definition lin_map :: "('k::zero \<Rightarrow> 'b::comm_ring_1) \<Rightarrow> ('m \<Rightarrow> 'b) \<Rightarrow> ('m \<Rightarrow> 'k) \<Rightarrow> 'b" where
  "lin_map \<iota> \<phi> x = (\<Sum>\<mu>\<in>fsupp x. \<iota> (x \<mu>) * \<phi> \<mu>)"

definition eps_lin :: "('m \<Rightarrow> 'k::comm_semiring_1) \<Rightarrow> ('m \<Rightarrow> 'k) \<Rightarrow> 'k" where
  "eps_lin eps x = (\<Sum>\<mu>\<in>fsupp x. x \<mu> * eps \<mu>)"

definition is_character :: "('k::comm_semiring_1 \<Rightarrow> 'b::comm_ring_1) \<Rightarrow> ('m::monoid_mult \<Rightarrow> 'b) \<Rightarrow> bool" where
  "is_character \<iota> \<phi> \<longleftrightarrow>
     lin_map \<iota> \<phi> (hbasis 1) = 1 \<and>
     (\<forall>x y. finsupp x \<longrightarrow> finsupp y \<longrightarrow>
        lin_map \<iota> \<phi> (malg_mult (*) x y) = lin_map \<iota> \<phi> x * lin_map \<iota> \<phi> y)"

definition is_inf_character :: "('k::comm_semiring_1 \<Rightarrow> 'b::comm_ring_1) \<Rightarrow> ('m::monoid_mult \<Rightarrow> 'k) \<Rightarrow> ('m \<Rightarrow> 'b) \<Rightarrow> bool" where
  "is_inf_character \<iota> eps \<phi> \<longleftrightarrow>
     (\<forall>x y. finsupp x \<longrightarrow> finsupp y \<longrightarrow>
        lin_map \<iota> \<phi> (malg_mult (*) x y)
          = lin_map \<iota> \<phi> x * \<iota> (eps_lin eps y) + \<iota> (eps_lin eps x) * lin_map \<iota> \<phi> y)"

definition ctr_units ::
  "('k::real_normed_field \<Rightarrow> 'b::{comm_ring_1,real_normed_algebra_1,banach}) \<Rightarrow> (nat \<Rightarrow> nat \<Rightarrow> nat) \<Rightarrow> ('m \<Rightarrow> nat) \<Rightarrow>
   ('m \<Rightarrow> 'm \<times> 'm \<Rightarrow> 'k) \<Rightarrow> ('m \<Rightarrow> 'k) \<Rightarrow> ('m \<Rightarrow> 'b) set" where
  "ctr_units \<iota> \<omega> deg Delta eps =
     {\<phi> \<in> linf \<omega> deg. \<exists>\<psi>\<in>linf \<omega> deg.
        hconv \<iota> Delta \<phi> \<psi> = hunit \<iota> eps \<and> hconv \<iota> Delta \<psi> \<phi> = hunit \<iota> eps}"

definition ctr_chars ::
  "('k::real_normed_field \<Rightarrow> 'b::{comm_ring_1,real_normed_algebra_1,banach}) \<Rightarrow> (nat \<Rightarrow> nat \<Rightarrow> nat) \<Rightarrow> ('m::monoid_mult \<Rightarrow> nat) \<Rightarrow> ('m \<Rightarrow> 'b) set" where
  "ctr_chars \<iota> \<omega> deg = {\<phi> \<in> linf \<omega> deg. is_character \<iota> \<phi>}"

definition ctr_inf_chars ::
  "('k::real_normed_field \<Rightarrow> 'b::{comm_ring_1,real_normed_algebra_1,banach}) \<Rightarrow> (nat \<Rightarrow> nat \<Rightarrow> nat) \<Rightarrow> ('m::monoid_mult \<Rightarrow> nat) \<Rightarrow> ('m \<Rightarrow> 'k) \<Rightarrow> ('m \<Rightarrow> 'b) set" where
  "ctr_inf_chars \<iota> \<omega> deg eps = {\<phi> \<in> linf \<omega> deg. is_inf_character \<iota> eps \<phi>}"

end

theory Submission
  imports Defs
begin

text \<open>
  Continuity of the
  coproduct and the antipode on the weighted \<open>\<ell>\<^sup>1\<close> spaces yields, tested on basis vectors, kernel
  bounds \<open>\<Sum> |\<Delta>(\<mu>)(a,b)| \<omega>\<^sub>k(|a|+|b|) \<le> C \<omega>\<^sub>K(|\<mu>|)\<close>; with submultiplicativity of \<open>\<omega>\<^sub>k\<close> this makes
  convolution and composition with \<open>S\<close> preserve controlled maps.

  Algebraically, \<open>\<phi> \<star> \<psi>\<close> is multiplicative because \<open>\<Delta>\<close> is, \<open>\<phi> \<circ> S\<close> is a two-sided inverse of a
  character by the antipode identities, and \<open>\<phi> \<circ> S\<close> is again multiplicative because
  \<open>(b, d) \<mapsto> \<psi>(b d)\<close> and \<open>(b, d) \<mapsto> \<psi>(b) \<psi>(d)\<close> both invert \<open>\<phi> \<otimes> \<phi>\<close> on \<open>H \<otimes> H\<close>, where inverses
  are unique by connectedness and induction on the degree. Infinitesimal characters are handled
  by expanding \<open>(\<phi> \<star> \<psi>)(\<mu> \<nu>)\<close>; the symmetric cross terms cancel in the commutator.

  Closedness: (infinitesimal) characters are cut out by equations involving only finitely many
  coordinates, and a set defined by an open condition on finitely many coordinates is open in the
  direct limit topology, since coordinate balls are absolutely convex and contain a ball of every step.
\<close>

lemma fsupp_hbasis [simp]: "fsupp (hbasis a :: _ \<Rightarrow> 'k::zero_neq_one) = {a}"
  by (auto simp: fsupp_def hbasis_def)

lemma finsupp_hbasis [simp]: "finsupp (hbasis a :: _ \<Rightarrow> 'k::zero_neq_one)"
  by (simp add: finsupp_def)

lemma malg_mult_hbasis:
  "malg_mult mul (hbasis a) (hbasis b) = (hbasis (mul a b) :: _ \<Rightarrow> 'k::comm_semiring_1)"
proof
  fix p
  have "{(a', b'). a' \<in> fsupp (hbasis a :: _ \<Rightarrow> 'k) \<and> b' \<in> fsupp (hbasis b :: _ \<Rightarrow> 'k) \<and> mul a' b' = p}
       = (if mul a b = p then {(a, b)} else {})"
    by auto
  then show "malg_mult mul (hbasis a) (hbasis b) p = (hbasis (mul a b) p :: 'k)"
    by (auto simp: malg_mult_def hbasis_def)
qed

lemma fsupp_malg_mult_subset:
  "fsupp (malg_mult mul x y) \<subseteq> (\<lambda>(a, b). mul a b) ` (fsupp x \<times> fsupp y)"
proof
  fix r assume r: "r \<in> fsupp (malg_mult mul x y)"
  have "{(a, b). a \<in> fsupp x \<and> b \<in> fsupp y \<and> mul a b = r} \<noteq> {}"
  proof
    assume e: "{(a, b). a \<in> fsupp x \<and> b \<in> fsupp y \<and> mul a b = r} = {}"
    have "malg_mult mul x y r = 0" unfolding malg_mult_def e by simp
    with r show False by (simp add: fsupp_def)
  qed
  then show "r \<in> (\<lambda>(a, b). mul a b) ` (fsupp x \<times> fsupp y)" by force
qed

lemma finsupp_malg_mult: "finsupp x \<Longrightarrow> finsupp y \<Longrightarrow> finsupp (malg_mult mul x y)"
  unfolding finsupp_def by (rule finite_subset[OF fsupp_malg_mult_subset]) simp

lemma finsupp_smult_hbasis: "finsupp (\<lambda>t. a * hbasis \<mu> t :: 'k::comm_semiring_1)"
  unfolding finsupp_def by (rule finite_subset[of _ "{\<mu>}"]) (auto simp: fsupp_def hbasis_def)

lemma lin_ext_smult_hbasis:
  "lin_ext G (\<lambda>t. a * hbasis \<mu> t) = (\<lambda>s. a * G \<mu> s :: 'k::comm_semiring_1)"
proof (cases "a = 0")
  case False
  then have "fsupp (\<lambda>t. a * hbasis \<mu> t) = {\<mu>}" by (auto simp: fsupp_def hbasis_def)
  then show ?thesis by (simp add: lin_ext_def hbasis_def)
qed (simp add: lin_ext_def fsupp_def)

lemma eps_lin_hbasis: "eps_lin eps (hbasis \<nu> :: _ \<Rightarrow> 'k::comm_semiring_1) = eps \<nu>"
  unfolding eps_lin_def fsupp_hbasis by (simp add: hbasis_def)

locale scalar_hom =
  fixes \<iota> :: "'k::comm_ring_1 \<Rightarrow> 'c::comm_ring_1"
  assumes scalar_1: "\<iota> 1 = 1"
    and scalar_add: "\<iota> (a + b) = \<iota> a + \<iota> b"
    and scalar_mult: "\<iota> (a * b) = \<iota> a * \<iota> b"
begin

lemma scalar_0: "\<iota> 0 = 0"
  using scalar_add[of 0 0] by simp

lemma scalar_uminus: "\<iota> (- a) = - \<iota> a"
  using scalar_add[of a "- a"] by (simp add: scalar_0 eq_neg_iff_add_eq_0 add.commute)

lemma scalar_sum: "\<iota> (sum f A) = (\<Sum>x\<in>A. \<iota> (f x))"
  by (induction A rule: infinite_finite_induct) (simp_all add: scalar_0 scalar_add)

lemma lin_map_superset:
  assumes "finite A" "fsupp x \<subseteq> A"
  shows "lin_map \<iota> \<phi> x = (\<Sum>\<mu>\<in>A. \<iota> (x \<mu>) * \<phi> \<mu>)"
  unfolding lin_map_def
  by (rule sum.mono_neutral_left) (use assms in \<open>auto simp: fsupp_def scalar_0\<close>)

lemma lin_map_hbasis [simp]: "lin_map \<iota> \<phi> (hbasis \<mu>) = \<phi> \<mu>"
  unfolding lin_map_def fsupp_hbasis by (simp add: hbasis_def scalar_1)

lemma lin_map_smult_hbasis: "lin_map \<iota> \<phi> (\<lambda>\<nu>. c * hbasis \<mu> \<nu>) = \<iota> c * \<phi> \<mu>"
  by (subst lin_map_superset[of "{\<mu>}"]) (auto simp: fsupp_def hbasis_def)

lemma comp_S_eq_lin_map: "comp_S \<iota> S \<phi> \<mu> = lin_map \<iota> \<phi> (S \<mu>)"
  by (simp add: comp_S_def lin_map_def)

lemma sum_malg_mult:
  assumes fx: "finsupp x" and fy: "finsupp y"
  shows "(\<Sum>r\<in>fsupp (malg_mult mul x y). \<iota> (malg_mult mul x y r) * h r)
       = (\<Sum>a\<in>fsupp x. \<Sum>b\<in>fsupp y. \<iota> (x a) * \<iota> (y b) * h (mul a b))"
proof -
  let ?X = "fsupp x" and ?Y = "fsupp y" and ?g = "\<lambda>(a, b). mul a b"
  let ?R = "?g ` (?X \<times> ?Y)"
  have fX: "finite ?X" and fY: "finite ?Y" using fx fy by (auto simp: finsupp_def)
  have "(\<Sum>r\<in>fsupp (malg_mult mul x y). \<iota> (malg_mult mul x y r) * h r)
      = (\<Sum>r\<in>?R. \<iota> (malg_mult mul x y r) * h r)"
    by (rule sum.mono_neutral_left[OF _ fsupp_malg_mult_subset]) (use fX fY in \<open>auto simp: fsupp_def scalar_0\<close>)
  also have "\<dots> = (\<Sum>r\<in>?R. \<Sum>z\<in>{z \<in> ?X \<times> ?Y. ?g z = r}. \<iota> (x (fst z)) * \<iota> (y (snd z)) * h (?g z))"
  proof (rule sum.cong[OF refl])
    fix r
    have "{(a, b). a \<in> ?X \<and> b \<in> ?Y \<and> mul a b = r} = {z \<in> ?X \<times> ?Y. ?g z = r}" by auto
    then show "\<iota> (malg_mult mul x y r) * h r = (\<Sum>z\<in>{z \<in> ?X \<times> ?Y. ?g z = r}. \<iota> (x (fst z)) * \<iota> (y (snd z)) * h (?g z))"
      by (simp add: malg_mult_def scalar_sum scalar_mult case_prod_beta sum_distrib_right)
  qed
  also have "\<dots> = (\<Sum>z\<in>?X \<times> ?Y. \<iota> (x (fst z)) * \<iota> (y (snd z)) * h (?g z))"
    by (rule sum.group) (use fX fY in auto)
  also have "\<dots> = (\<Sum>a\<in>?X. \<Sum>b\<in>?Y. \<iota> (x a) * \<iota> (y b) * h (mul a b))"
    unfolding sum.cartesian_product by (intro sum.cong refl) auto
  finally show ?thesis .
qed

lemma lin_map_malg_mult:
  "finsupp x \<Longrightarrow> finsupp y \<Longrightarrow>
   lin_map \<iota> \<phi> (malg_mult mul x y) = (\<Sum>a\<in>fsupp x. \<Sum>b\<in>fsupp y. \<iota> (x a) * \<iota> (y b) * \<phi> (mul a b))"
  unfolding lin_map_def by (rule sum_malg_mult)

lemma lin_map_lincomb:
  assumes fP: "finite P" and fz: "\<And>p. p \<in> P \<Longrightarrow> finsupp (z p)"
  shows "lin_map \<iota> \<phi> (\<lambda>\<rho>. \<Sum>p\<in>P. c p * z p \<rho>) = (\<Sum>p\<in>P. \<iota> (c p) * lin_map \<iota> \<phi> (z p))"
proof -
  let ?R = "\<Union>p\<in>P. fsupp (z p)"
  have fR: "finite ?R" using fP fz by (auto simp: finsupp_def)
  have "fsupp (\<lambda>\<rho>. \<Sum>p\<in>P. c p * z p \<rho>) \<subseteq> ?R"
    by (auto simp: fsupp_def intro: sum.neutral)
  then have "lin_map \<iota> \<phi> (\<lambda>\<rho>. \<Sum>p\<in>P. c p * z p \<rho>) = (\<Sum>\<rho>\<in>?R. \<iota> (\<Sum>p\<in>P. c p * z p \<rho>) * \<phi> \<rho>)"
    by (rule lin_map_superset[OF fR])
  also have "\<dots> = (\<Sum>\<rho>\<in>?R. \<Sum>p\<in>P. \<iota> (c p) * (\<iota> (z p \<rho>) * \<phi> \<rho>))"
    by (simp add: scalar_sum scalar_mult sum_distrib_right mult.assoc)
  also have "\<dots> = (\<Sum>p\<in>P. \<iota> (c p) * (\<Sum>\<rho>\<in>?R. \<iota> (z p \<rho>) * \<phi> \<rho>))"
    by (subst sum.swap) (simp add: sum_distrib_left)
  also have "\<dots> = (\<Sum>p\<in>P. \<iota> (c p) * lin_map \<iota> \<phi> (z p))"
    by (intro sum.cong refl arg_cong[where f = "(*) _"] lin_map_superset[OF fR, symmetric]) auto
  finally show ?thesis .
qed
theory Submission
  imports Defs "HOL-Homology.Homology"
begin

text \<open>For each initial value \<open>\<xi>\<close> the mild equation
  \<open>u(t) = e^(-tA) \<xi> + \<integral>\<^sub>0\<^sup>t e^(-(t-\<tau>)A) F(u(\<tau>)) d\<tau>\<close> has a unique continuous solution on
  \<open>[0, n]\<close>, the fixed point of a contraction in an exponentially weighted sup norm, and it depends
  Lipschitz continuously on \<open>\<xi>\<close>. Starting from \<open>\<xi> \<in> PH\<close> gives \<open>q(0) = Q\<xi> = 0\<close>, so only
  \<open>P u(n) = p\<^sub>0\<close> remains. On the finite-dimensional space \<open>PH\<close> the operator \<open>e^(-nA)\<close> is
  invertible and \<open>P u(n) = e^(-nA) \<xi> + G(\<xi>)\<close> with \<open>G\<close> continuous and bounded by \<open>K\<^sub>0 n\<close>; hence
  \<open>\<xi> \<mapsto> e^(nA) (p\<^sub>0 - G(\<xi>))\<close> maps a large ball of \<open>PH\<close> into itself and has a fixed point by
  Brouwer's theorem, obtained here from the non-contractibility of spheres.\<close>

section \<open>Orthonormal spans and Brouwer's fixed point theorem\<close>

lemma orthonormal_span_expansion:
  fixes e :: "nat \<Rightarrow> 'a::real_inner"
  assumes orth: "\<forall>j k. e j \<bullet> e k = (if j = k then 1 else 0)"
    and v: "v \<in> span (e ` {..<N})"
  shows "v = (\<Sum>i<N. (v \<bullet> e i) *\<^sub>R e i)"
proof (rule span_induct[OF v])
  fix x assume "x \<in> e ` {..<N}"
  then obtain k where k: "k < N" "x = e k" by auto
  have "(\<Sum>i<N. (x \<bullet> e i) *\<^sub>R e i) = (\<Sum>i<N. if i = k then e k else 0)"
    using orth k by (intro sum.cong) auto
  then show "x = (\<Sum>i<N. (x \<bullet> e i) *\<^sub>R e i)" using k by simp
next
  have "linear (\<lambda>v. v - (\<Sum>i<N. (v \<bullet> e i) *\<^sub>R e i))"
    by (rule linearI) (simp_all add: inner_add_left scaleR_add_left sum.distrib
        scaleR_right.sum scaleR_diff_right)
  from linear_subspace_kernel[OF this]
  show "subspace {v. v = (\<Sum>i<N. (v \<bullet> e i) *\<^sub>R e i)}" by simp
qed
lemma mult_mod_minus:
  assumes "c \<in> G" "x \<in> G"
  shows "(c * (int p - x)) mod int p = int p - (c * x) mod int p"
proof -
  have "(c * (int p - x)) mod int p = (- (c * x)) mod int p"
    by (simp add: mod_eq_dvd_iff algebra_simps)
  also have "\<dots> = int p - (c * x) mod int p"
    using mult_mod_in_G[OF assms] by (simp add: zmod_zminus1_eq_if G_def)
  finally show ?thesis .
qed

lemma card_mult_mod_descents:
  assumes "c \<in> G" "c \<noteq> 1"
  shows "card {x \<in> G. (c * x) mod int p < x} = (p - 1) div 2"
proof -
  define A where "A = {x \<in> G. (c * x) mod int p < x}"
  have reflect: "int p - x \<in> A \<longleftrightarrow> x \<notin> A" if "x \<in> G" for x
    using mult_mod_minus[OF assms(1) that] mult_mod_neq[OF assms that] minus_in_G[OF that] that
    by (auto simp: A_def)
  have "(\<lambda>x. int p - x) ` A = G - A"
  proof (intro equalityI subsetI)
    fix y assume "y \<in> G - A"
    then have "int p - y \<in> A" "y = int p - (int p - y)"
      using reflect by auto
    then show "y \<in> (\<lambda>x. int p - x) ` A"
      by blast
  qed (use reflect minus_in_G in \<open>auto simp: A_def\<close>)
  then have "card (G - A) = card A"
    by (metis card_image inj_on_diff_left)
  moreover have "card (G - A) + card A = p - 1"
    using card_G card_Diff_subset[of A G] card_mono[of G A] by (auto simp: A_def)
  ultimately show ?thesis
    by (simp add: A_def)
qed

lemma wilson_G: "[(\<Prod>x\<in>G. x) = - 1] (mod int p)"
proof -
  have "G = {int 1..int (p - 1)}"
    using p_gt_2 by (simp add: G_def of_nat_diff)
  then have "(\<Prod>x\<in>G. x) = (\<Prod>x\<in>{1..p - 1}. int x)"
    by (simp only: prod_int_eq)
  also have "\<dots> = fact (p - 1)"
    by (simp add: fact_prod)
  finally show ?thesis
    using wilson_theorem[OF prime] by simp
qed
- - -
:: What you need to do ::
State the number of lines in these entries that include the string "multiplicative". Provide nothing beyond that number.

:: Completed exercise ::
2